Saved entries
○ ○ ○ ○ ○ ○ ○
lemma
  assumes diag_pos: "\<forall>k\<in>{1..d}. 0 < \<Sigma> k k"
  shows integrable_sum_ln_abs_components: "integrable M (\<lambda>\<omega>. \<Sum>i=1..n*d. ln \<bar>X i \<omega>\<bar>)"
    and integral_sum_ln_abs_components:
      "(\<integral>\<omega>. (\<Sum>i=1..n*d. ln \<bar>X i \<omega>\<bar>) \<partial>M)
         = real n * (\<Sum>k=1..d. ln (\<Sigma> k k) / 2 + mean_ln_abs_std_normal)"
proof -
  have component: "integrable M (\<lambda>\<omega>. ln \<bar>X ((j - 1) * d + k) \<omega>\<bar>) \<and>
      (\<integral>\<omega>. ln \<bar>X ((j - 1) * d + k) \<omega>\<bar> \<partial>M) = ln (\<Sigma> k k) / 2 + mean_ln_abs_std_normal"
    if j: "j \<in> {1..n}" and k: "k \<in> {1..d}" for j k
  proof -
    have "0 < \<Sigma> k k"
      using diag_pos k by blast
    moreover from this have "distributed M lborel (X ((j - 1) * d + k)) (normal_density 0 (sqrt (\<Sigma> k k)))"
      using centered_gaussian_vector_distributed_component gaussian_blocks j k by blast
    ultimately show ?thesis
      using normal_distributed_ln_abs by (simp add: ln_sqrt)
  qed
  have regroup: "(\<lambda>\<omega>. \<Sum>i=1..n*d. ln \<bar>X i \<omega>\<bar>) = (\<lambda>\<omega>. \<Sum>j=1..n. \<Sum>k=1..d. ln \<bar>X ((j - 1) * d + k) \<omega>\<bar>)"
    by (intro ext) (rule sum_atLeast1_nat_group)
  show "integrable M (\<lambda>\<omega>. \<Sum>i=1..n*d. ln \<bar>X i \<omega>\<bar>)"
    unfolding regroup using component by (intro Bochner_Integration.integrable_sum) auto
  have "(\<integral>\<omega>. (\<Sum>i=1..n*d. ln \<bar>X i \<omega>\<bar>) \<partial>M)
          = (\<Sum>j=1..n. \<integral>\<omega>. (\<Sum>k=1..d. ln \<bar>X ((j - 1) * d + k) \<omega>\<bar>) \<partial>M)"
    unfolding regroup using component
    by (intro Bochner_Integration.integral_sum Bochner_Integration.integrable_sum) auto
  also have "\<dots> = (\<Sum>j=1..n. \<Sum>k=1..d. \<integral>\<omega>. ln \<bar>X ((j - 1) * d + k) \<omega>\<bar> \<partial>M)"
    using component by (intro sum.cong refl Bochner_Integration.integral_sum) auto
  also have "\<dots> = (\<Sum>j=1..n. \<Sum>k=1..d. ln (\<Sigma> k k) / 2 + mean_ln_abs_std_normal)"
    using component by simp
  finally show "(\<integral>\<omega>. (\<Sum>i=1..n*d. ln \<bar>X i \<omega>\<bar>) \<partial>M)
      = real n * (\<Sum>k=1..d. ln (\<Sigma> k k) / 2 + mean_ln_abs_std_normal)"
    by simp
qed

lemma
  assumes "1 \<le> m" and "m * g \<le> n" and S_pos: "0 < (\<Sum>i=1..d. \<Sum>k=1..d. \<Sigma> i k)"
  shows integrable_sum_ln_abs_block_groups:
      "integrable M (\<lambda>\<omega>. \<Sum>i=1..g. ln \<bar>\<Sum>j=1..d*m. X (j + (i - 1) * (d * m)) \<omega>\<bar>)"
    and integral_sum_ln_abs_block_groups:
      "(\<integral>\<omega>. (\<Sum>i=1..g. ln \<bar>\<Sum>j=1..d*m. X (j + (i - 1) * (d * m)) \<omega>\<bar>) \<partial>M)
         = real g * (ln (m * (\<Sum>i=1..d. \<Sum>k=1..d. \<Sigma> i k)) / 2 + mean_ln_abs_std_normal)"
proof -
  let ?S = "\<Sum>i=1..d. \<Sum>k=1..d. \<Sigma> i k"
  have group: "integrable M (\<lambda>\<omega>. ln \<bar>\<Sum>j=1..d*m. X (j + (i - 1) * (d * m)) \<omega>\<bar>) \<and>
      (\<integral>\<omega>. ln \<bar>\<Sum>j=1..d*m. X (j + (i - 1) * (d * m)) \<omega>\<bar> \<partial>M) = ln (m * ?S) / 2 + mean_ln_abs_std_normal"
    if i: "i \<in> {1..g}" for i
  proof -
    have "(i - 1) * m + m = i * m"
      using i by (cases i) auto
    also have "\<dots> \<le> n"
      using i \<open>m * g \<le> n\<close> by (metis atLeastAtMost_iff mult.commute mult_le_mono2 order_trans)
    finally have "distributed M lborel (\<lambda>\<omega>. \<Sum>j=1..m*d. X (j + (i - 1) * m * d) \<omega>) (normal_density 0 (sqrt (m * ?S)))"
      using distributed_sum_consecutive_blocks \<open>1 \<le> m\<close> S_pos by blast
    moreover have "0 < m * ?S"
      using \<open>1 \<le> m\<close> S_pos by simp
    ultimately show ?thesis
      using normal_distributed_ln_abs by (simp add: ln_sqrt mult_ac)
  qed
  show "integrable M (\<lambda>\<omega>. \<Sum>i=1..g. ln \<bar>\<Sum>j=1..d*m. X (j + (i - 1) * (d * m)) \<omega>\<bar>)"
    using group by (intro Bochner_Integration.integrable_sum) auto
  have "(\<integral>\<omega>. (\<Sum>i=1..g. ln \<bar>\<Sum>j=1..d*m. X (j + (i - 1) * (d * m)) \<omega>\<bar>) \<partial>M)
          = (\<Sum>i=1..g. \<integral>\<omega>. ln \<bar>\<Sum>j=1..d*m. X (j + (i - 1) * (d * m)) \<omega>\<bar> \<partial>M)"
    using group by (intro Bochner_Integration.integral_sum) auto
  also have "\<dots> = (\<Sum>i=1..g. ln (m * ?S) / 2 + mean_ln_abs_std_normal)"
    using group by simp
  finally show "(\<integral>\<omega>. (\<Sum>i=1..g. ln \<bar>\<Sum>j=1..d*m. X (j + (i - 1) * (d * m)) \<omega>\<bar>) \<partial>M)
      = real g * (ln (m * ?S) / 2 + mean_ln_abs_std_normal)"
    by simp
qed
○ ○ ○ ○ ○ ○ ○
Bring together all lines in the records where the word "regroup" is found.

### SOLUTION BELOW
  have regroup: "(\<lambda>\<omega>. \<Sum>i=1..n*d. ln \<bar>X i \<omega>\<bar>) = (\<lambda>\<omega>. \<Sum>j=1..n. \<Sum>k=1..d. ln \<bar>X ((j - 1) * d + k) \<omega>\<bar>)"
    unfolding regroup using component by (intro Bochner_Integration.integrable_sum) auto
    unfolding regroup using component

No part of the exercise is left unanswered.